## Input
◆ ◆ ◆
lemma
  fixes a xi :: "('N::idx, 'n::finite) coeff"
  assumes a: "rapidly_decreasing a" and xi: "xi \<in> sobolev s"
  shows piop_terms_abs_summable:
      "(\<lambda>b. norm (cmat_scale (twist \<theta> b (y - b)) (a b ** xi (y - b)))) summable_on UNIV"
    and piop_sobolev: "piop \<theta> a xi \<in> sobolev s"
proof -
  define A where "A b = weight b powr \<bar>s\<bar> * norm (a b)" for b
  define X where "X c = weight c powr s * norm (xi c)" for c
  have sA: "A summable_on UNIV" using a unfolding A_def rapidly_decreasing_def by blast
  have sX: "(\<lambda>c. (X c)\<^sup>2) summable_on UNIV" using xi unfolding X_def sobolev_def by simp
  have A0: "0 \<le> A b" and X0: "0 \<le> X b" for b unfolding A_def X_def by simp_all
  note sAX = convolution_summable(1)[OF sA A0 sX]
  have term_le: "norm (cmat_scale (twist \<theta> b (y - b)) (a b ** xi (y - b)))
      \<le> inverse (weight y powr s) * (A b * X (y - b))" for y b
    using twisted_term_weighted_le[of y s \<theta> b a xi] weight_powr_pos[of y s]
    by (simp add: A_def X_def field_simps)
  have abs: "(\<lambda>b. norm (cmat_scale (twist \<theta> b (y - b)) (a b ** xi (y - b)))) summable_on UNIV" for y
    by (rule summable_on_comparison_test[OF summable_on_cmult_right[OF sAX] term_le]) simp
  then show "(\<lambda>b. norm (cmat_scale (twist \<theta> b (y - b)) (a b ** xi (y - b)))) summable_on UNIV" .
  have "weight y powr s * norm (piop \<theta> a xi y) \<le> (\<Sum>\<^sub>\<infinity>b. A b * X (y - b))" for y
  proof -
    have "norm (piop \<theta> a xi y) \<le> (\<Sum>\<^sub>\<infinity>b. norm (cmat_scale (twist \<theta> b (y - b)) (a b ** xi (y - b))))"
      unfolding piop_def by (rule norm_infsum_bound) (rule abs)
    also have "\<dots> \<le> (\<Sum>\<^sub>\<infinity>b. inverse (weight y powr s) * (A b * X (y - b)))"
      by (rule infsum_mono[OF abs summable_on_cmult_right[OF sAX] term_le])
    also have "\<dots> = inverse (weight y powr s) * (\<Sum>\<^sub>\<infinity>b. A b * X (y - b))"
      by (rule infsum_cmult_right[OF sAX])
    finally show ?thesis using weight_powr_pos[of y s] by (simp add: field_simps)
  qed
  then have "(weight y powr s * norm (piop \<theta> a xi y))\<^sup>2 \<le> (\<Sum>\<^sub>\<infinity>b. A b * X (y - b))\<^sup>2" for y
    by (intro power_mono) auto
  then show "piop \<theta> a xi \<in> sobolev s"
    unfolding sobolev_def
    by (auto intro: summable_on_comparison_test[OF young_l1_l2[OF sA A0 sX X0]])
qed

lemma piop_terms_summable:
  fixes a xi :: "('N::idx, 'n::finite) coeff"
  assumes "rapidly_decreasing a" "xi \<in> sobolev s"
  shows "(\<lambda>b. cmat_scale (twist \<theta> b (y - b)) (a b ** xi (y - b))) summable_on UNIV"
  by (rule abs_summable_summable[OF piop_terms_abs_summable[OF assms]])

lemma cmat_inner_abs_summable:
  fixes xi eta :: "('N::finite, 'n::finite) coeff"
  assumes "xi \<in> sobolev s" "eta \<in> sobolev (- s)"
  shows "(\<lambda>x. norm (cmat_inner (xi x) (eta x))) summable_on UNIV"
proof -
  let ?X = "\<lambda>x. weight x powr s * norm (xi x)" and ?Y = "\<lambda>x. weight x powr (- s) * norm (eta x)"
  have "norm (cmat_inner (xi x) (eta x)) \<le> 1 / 2 * ((?X x)\<^sup>2 + (?Y x)\<^sup>2)" for x
  proof -
    have "norm (cmat_inner (xi x) (eta x)) \<le> ?X x * ?Y x"
      using norm_cmat_inner_le[of "xi x" "eta x"] weight_powr_mult_minus[of x s]
      by (simp add: algebra_simps)
    also have "\<dots> \<le> 1 / 2 * ((?X x)\<^sup>2 + (?Y x)\<^sup>2)"
      using zero_le_power2[of "?X x - ?Y x"] by (simp add: power2_diff)
    finally show ?thesis .
  qed
  moreover have "(\<lambda>x. 1 / 2 * ((?X x)\<^sup>2 + (?Y x)\<^sup>2)) summable_on UNIV"
    using assms unfolding sobolev_def by (intro summable_on_cmult_right summable_on_add) auto
  ultimately show ?thesis
    by (auto intro: summable_on_comparison_test)
qed

lemma cmat_inner_summable:
  fixes xi eta :: "('N::finite, 'n::finite) coeff"
  assumes "xi \<in> sobolev s" "eta \<in> sobolev (- s)"
  shows "(\<lambda>x. cmat_inner (xi x) (eta x)) summable_on UNIV"
  by (rule abs_summable_summable[OF cmat_inner_abs_summable[OF assms]])

lemma hinner_add_left:
  fixes xi1 xi2 eta :: "('N::finite, 'n::finite) coeff"
  assumes "xi1 \<in> sobolev s" "xi2 \<in> sobolev s" "eta \<in> sobolev (- s)"
  shows "hinner (\<lambda>x. xi1 x + xi2 x) eta = hinner xi1 eta + hinner xi2 eta"
  unfolding hinner_def cmat_inner_add_left
  by (intro infsum_add cmat_inner_summable[OF assms(1,3)] cmat_inner_summable[OF assms(2,3)])

lemma hinner_add_right:
  fixes xi eta1 eta2 :: "('N::finite, 'n::finite) coeff"
  assumes "xi \<in> sobolev s" "eta1 \<in> sobolev (- s)" "eta2 \<in> sobolev (- s)"
  shows "hinner xi (\<lambda>x. eta1 x + eta2 x) = hinner xi eta1 + hinner xi eta2"
  unfolding hinner_def cmat_inner_add_right
  by (intro infsum_add cmat_inner_summable[OF assms(1,2)] cmat_inner_summable[OF assms(1,3)])

lemma hinner_uminus_left: "hinner (\<lambda>x. - xi x) eta = - hinner xi eta"
  unfolding hinner_def cmat_inner_minus_left by (rule infsum_uminus)

lemma hinner_uminus_right: "hinner xi (\<lambda>x. - eta x) = - hinner xi eta"
  unfolding hinner_def cmat_inner_minus_right by (rule infsum_uminus)

lemma hinner_sum_left:
  fixes f :: "'k \<Rightarrow> ('N::finite, 'n::finite) coeff"
  assumes "finite S" "\<And>k. k \<in> S \<Longrightarrow> f k \<in> sobolev s" "eta \<in> sobolev (- s)"
  shows "hinner (\<lambda>x. \<Sum>k\<in>S. f k x) eta = (\<Sum>k\<in>S. hinner (f k) eta)"
  using assms
proof (induction S rule: finite_induct)
  case (insert k F)
  then show ?case
    by (simp add: hinner_add_left[where s=s] sobolev_sum)
qed (simp add: hinner_def cmat_inner_def)
(* For every $\varepsilon>0$ there exists $n_0\in\mathbb{N}$ such that $\int_{Q_n}\tau\,d\mu_n\ge 2(1-\varepsilon)n$ for all $n\ge n_0$.
   Context: $\mathbb{F}_2((x^{-1}))$ is the field of formal series $r=\sum_{z\in\mathbb{Z}}a_zx^z$, $a_z\in\mathbb{F}_2$, with $a_z\neq0$ for only finitely many positive $z$ (usual addition and Cauchy multiplication); $\mathbb{F}_2[x]$ is a subring. $\deg(r)=\max\{z: a_z\ne 0\}$. The polynomial part is $[r]=\sum_{z\ge0}a_zx^z\in\mathbb{F}_2[x]$. Define $S(r)=\frac{r}{x+1}$ if $[r](1)=0$ and $S(r)=\frac{xr}{x+1}$ if $[r](1)=1$. For $r$ with $\deg(r)\ge0$, $\tau(r)$ is the least $k\in\mathbb{N}$ with $[S^k(r)]=1$ (this is finite). For $n\in\mathbb{N}$, $Q_n=\{r:\deg(r)=n\}$ and $\mu_n$ is the probability measure on $Q_n$ under which the coefficients $a_{n-1},a_{n-2},\dots$ of $r$ are independent and uniform in $\mathbb{F}_2$. *)

theory Defs
  imports "HOL-Probability.Probability" "HOL-Library.Z2"
    "HOL-Computational_Algebra.Formal_Laurent_Series"
    "HOL-Computational_Algebra.Polynomial"
begin

text \<open>The field F_2((x^{-1})) is represented as bit fls, i.e. formal Laurent series
  (finitely many negative powers) in the variable y = x^{-1} over F_2 = bit.
  The coefficient a_z of x^z is the coefficient of y^{-z}.\<close>

definition xx :: "bit fls" where
  "xx = fls_X_inv"

definition coeffx :: "bit fls \<Rightarrow> int \<Rightarrow> bit" where
  "coeffx r z = fls_nth r (- z)"

definition degx :: "bit fls \<Rightarrow> int" where
  "degx r = - fls_subdegree r"

definition polypart :: "bit fls \<Rightarrow> bit poly" where
  "polypart r = Poly (map (\<lambda>i. coeffx r (int i)) [0..<nat (degx r) + 1])"

definition S :: "bit fls \<Rightarrow> bit fls" where
  "S r = (if poly (polypart r) 1 = 0 then r / (xx + 1) else (xx * r) / (xx + 1))"

definition tau :: "bit fls \<Rightarrow> nat" where
  "tau r = (LEAST k. polypart ((S ^^ k) r) = 1)"
(* Let $n\ge1$, with notation as in the context. Then for $0\le l\le k,k_1\le n-1$, $$\sum_{i=1}^n f_{kl}(\alpha_i)f_{k_1l}(\alpha_i)T_1(\alpha_i)\cdots T_l(\alpha_i)=\delta_{k,k_1}c_{kl},$$ and for $0\le l\le n-1$ and all $i,j\in\{l+1,\dots,n\}$, $$\sum_{k=l}^{n-1}\frac{1}{c_{kl}}f_{kl}(\alpha_i)f_{kl}(\alpha_j)T_1(\alpha_i)\cdots T_l(\alpha_i)=\delta_{ij}.$$
   Context: Principal embedding of $\mathfrak{sl}(2)$ in $\mathfrak{gl}(n)$: $Y=\sum_{i=1}^{n-1}E_{i+1,i}$, $H=\sum_{i=1}^n(n-2i+1)E_{ii}$, $X=\sum_{i=1}^{n-1}i(n-i)E_{i,i+1}$. $\alpha_i=n-2i+1$, $T_i(H)=\frac14(n^2-(H+2i-1)^2)$; for a polynomial $f$, $f(H)=\mathrm{diag}(f(\alpha_1),\dots,f(\alpha_n))$. For $0\le l\le k\le n-1$, $f_{kl}$ is the unique polynomial of degree $<n-l$ with $(\mathrm{ad}\,Y)^{k-l}(X^k)=X^lf_{kl}(H)$. Empty products of $T$'s equal $1$. $c_{kl}=\dfrac{(k-l)!\,(k!)^2}{(k+l)!\,(2k+1)}\,n(n^2-1^2)\cdots(n^2-k^2)$. *)

theory Defs
  imports Complex_Main "HOL-Computational_Algebra.Polynomial"
begin

text \<open>n x n real matrices are represented as functions nat \<Rightarrow> nat \<Rightarrow> real,
  with rows/columns indexed by 1..n; all matrices built here vanish outside that range.\<close>

type_synonym rmat = "nat \<Rightarrow> nat \<Rightarrow> real"

definition mmul :: "nat \<Rightarrow> rmat \<Rightarrow> rmat \<Rightarrow> rmat" where
  "mmul n A B = (\<lambda>i j. \<Sum>m=1..n. A i m * B m j)"

definition midt :: "nat \<Rightarrow> rmat" where
  "midt n = (\<lambda>i j. if i = j \<and> 1 \<le> i \<and> i \<le> n then 1 else 0)"

fun mpow :: "nat \<Rightarrow> rmat \<Rightarrow> nat \<Rightarrow> rmat" where
  "mpow n A 0 = midt n"
| "mpow n A (Suc k) = mmul n A (mpow n A k)"

definition meq :: "nat \<Rightarrow> rmat \<Rightarrow> rmat \<Rightarrow> bool" where
  "meq n A B \<longleftrightarrow> (\<forall>i\<in>{1..n}. \<forall>j\<in>{1..n}. A i j = B i j)"

definition Ymat :: "nat \<Rightarrow> rmat" where
  "Ymat n = (\<lambda>i j. if 1 \<le> j \<and> j \<le> n - 1 \<and> i = j + 1 then 1 else 0)"

definition Hmat :: "nat \<Rightarrow> rmat" where
  "Hmat n = (\<lambda>i j. if i = j \<and> 1 \<le> i \<and> i \<le> n then real n - 2 * real i + 1 else 0)"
◆ ◆ ◆
## Work order
Retype exactly the span of lines from the one with "fixes xi1 xi2" through the one with "(* For every"; include both ends and omit the rest of the material.

## Final answer
  fixes xi1 xi2 eta :: "('N::finite, 'n::finite) coeff"
  assumes "xi1 \<in> sobolev s" "xi2 \<in> sobolev s" "eta \<in> sobolev (- s)"
  shows "hinner (\<lambda>x. xi1 x + xi2 x) eta = hinner xi1 eta + hinner xi2 eta"
  unfolding hinner_def cmat_inner_add_left
  by (intro infsum_add cmat_inner_summable[OF assms(1,3)] cmat_inner_summable[OF assms(2,3)])

lemma hinner_add_right:
  fixes xi eta1 eta2 :: "('N::finite, 'n::finite) coeff"
  assumes "xi \<in> sobolev s" "eta1 \<in> sobolev (- s)" "eta2 \<in> sobolev (- s)"
  shows "hinner xi (\<lambda>x. eta1 x + eta2 x) = hinner xi eta1 + hinner xi eta2"
  unfolding hinner_def cmat_inner_add_right
  by (intro infsum_add cmat_inner_summable[OF assms(1,2)] cmat_inner_summable[OF assms(1,3)])

lemma hinner_uminus_left: "hinner (\<lambda>x. - xi x) eta = - hinner xi eta"
  unfolding hinner_def cmat_inner_minus_left by (rule infsum_uminus)

lemma hinner_uminus_right: "hinner xi (\<lambda>x. - eta x) = - hinner xi eta"
  unfolding hinner_def cmat_inner_minus_right by (rule infsum_uminus)

lemma hinner_sum_left:
  fixes f :: "'k \<Rightarrow> ('N::finite, 'n::finite) coeff"
  assumes "finite S" "\<And>k. k \<in> S \<Longrightarrow> f k \<in> sobolev s" "eta \<in> sobolev (- s)"
  shows "hinner (\<lambda>x. \<Sum>k\<in>S. f k x) eta = (\<Sum>k\<in>S. hinner (f k) eta)"
  using assms
proof (induction S rule: finite_induct)
  case (insert k F)
  then show ?case
    by (simp add: hinner_add_left[where s=s] sobolev_sum)
qed (simp add: hinner_def cmat_inner_def)
(* For every $\varepsilon>0$ there exists $n_0\in\mathbb{N}$ such that $\int_{Q_n}\tau\,d\mu_n\ge 2(1-\varepsilon)n$ for all $n\ge n_0$.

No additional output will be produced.